Há três espécies de escravidão: por natureza, por constrangimento e por livre vontade. Por natureza, todas as criaturas são escravas de Deus: “Domini est terra et plenitudo eius” (Sl 23, 1). Os demônios e os réprobos são escravos por constrangimento; e os justos e os santos o são por livre e espontânea vontade. A escravidão voluntária é a mais perfeita, a mais gloriosa aos olhos de Deus, que olha o coração (1 Rs 16, 7), que pede o coração (Prov 23, 26) e que é chamado o Deus do coração (Sl 72, 26) ou da vontade amorosa, porque, por esta escravidão, escolhe‑se, sobre todas as coisas, a Deus e seu serviço, ainda quando não o obriga a natureza.
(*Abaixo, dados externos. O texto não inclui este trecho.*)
lemma frob_cols_nonneg: "0 \<le> frob_cols A u K"
  by (simp add: frob_cols_def sum_nonneg)

lemma frob_cols_eigen:
  assumes "\<And>k. k \<in> K \<Longrightarrow> B *v u k = lam k *\<^sub>R (A *v u k)"
  shows "frob_cols B u K = sqrt (\<Sum>k\<in>K. (lam k)\<^sup>2 * (norm (A *v u k))\<^sup>2)"
  unfolding frob_cols_def
  by (rule arg_cong[where f = sqrt], rule sum.cong) (simp_all add: assms power_mult_distrib)

lemma frob_cols_scaled_lower:
  assumes "\<And>k. k \<in> K \<Longrightarrow> B *v u k = lam k *\<^sub>R (A *v u k)"
    and "0 \<le> l" and "\<And>k. k \<in> K \<Longrightarrow> l \<le> \<bar>lam k\<bar>"
  shows "l * frob_cols A u K \<le> frob_cols B u K"
proof -
  have "(\<Sum>k\<in>K. l\<^sup>2 * (norm (A *v u k))\<^sup>2) \<le> (\<Sum>k\<in>K. (lam k)\<^sup>2 * (norm (A *v u k))\<^sup>2)"
    using power_mono[OF assms(3) \<open>0 \<le> l\<close>, of _ 2] by (intro sum_mono mult_right_mono) simp_all
  then have "sqrt (l\<^sup>2 * (\<Sum>k\<in>K. (norm (A *v u k))\<^sup>2)) \<le> frob_cols B u K"
    by (simp add: frob_cols_eigen[OF assms(1)] sum_distrib_left)
  then show ?thesis
    using \<open>0 \<le> l\<close> by (simp add: frob_cols_def real_sqrt_mult)
qed

lemma frob_cols_scaled_upper:
  assumes "\<And>k. k \<in> K \<Longrightarrow> B *v u k = lam k *\<^sub>R (A *v u k)"
    and "0 \<le> m" and "\<And>k. k \<in> K \<Longrightarrow> \<bar>lam k\<bar> \<le> m"
  shows "frob_cols B u K \<le> m * frob_cols A u K"
proof -
  have "(\<Sum>k\<in>K. (lam k)\<^sup>2 * (norm (A *v u k))\<^sup>2) \<le> (\<Sum>k\<in>K. m\<^sup>2 * (norm (A *v u k))\<^sup>2)"
    using power_mono[OF assms(3) abs_ge_zero, of _ 2] by (intro sum_mono mult_right_mono) simp_all
  then have "frob_cols B u K \<le> sqrt (m\<^sup>2 * (\<Sum>k\<in>K. (norm (A *v u k))\<^sup>2))"
    by (simp add: frob_cols_eigen[OF assms(1)] sum_distrib_left)
  then show ?thesis
    using \<open>0 \<le> m\<close> by (simp add: frob_cols_def real_sqrt_mult)
qed

lemma Mmat_nth:
  "Mmat rA rB W $ i $ j
     = rA * (if i = j then 1 else 0) + rB * W$i$j / (sqrt (wdeg W i) * sqrt (wdeg W j))"
  unfolding Mmat_def diag_mat_def
  by (simp add: matrix_matrix_mult_def mat_def if_distrib if_distribR sum.delta cong: if_cong)

lemma matrix_vector_mult_nth: "(A *v v) $ i = (\<Sum>j\<in>UNIV. A$i$j * v$j)"
  by (simp add: matrix_vector_mult_def)

lemma diag_mat_mult_vec: "diag_mat f *v v = (\<chi> x. f x * v$x)"
  by (simp add: vec_eq_iff diag_mat_def matrix_vector_mult_def if_distrib if_distribR sum.delta
      cong: if_cong)

lemma Mmat_mult_vec_nth:
  "(Mmat rA rB W *v v) $ x
     = rA * v$x + rB * (\<Sum>y\<in>UNIV. W$x$y * v$y / sqrt (wdeg W y)) / sqrt (wdeg W x)"
  by (simp add: Mmat_def matrix_vector_mult_add_rdistrib diag_mat_mult_vec matrix_vector_mult_nth
      sum_distrib_left sum_divide_distrib mult.commute
      flip: scaleR_matrix_vector_assoc matrix_vector_mul_assoc)

lemma transpose_Mmat:
  assumes "\<And>x y. W$x$y = W$y$x"
  shows "transpose (Mmat rA rB W) = Mmat rA rB W"
  by (simp add: vec_eq_iff transpose_def Mmat_nth assms mult.commute)

lemma col_matrix_diag_mult_vec_nth:
  "((col_matrix z ** diag_mat s) *v v) $ i = (\<Sum>x\<in>UNIV. z x $ i * s x * v $ x)"
  unfolding col_matrix_def diag_mat_def matrix_matrix_mult_def matrix_vector_mult_def
  by (simp add: if_distrib if_distribR sum.delta cong: if_cong)

locale weighted_graph =
  fixes W :: "real^'c::finite^'c"
  assumes nonneg: "0 \<le> W$x$y"
    and symmetric: "W$x$y = W$y$x"
    and wdeg_pos: "0 < wdeg W x"
    and connected: "(x, y) \<in> {(a, b). 0 < W$a$b}\<^sup>*"
begin

definition sqrt_deg :: "real^'c" where
  "sqrt_deg = (\<chi> x. sqrt (wdeg W x))"

lemma sqrt_deg_nth: "sqrt_deg $ x = sqrt (wdeg W x)"
  by (simp add: sqrt_deg_def)

lemma sqrt_deg_pos: "0 < sqrt_deg $ x"
  using wdeg_pos by (simp add: sqrt_deg_nth)

lemma sqrt_deg_square: "sqrt_deg $ x * sqrt_deg $ x = wdeg W x"
  using wdeg_pos by (simp add: sqrt_deg_nth less_imp_le)

lemma Mmat_mult_sqrt_deg: "Mmat rA rB W *v sqrt_deg = (rA + rB) *\<^sub>R sqrt_deg"
proof (unfold vec_eq_iff, intro allI)
  fix x
  have "(\<Sum>y\<in>UNIV. W$x$y * sqrt_deg$y / sqrt_deg$y) = sqrt_deg$x * sqrt_deg$x"
    using sqrt_deg_pos by (simp add: sqrt_deg_square wdeg_def less_le)
  then show "(Mmat rA rB W *v sqrt_deg) $ x = ((rA + rB) *\<^sub>R sqrt_deg) $ x"
    using sqrt_deg_pos[of x]
    by (simp add: Mmat_mult_vec_nth algebra_simps flip: sqrt_deg_nth)
qed

lemma walk_eigenvalue_abs_le_1:
  assumes h: "\<And>x. (\<Sum>y\<in>UNIV. W$x$y * h y) = t * wdeg W x * h x" and "h x0 \<noteq> 0"
  shows "\<bar>t\<bar> \<le> 1"
proof -
  obtain x where x: "\<And>y. \<bar>h y\<bar> \<le> \<bar>h x\<bar>"
    using ex_max_finite_type[of "\<lambda>y. \<bar>h y\<bar>"] by blast
  have "\<bar>t\<bar> * (wdeg W x * \<bar>h x\<bar>) = \<bar>\<Sum>y\<in>UNIV. W$x$y * h y\<bar>"
    using h wdeg_pos[of x] by (simp add: abs_mult)
  also have "\<dots> \<le> (\<Sum>y\<in>UNIV. W$x$y * \<bar>h x\<bar>)"
    by (rule order_trans[OF sum_abs sum_mono]) (simp add: abs_mult nonneg mult_left_mono x)
  also have "\<dots> = 1 * (wdeg W x * \<bar>h x\<bar>)"
    by (simp add: wdeg_def sum_distrib_right)
  finally have "\<bar>t\<bar> * (wdeg W x * \<bar>h x\<bar>) \<le> 1 * (wdeg W x * \<bar>h x\<bar>)" .
  moreover have "0 < wdeg W x * \<bar>h x\<bar>"
    using wdeg_pos[of x] x[of x0] \<open>h x0 \<noteq> 0\<close> by simp
  ultimately show ?thesis
    by (rule mult_right_le_imp_le)
qed

lemma walk_harmonic_constant:
  assumes h: "\<And>x. (\<Sum>y\<in>UNIV. W$x$y * h y) = wdeg W x * h x"
  shows "h x = h y"
proof -
  obtain m where m: "\<And>y. h y \<le> h m"
    using ex_max_finite_type by blast
  have step: "h b = h m" if "h a = h m" "0 < W$a$b" for a b
  proof -
    have "(\<Sum>y\<in>UNIV. W$a$y * (h a - h y)) = 0"
      using h[of a] by (simp add: wdeg_def right_diff_distrib sum_subtractf sum_distrib_right)
    moreover have "\<forall>y\<in>UNIV. 0 \<le> W$a$y * (h a - h y)"
      using nonneg m that(1) by simp
    ultimately have "W$a$b * (h a - h b) = 0"
      by (simp add: sum_nonneg_eq_0_iff)
    with that show ?thesis by simp
  qed
  have "h y = h m" for y
    using connected[of m y] by (induction rule: rtrancl_induct) (auto intro: step)
  then show ?thesis by metis
qed

lemma Mmat_dominant_eigenvector:
  assumes "0 < rA" "0 < rB" and eig: "Mmat rA rB W *v g = mu *\<^sub>R g" and dom: "rA + rB \<le> \<bar>mu\<bar>"
  obtains c where "g = c *\<^sub>R sqrt_deg"
proof (cases "g = 0")
  case True
  then show ?thesis using that[of 0] by simp
next
  case False
  define h where "h x = g$x / sqrt_deg$x" for x
  have g_h: "g$x = sqrt_deg$x * h x" for x
    using sqrt_deg_pos[of x] by (simp add: h_def)
  have h_eq: "(\<Sum>y\<in>UNIV. W$x$y * h y) = ((mu - rA) / rB) * wdeg W x * h x" for x
  proof -
    have "rA * g$x + rB * (\<Sum>y\<in>UNIV. W$x$y * h y) / sqrt_deg$x = mu * g$x"
      using eig by (simp add: vec_eq_iff Mmat_mult_vec_nth h_def times_divide_eq_right
          flip: sqrt_deg_nth)
    then have "rA * (sqrt_deg$x * sqrt_deg$x) * h x + rB * (\<Sum>y\<in>UNIV. W$x$y * h y)
        = mu * (sqrt_deg$x * sqrt_deg$x) * h x"
      using sqrt_deg_pos[of x] by (simp add: g_h field_simps)
    then show ?thesis
      using \<open>0 < rB\<close> by (simp add: sqrt_deg_square field_simps)
  qed
  obtain x0 where "h x0 \<noteq> 0"
    using False by (auto simp: vec_eq_iff g_h)
  from walk_eigenvalue_abs_le_1[OF h_eq this] have "\<bar>(mu - rA) / rB\<bar> \<le> 1" .
  then have "mu = rA + rB"
    using dom assms(1,2) by (auto simp: abs_le_iff field_simps split: abs_split)
  then have "h x = h x0" for x
    using h_eq assms(2) by (intro walk_harmonic_constant) simp
  then show ?thesis
    using that[of "h x0"] by (simp add: vec_eq_iff g_h mult.commute)
qed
A diferença entre um servo e um escravo é total:

1º Um servo não dá a seu patrão tudo o que é, tudo o que possui ou pode adquirir por outrem ou por si mesmo; mas um escravo se dá integralmente a seu senhor com tudo o que possui ou possa adquirir sem nenhuma exceção.

2º O servo exige salário pelos serviços que presta a seu patrão; o escravo, porém, nada pode exigir, seja qual for a assiduidade, a habilidade, a força que empregue no trabalho.

3º O servo pode deixar o patrão quando quiser, ou ao menos quando expirar o tempo de serviço, mas o escravo não tem esse direito.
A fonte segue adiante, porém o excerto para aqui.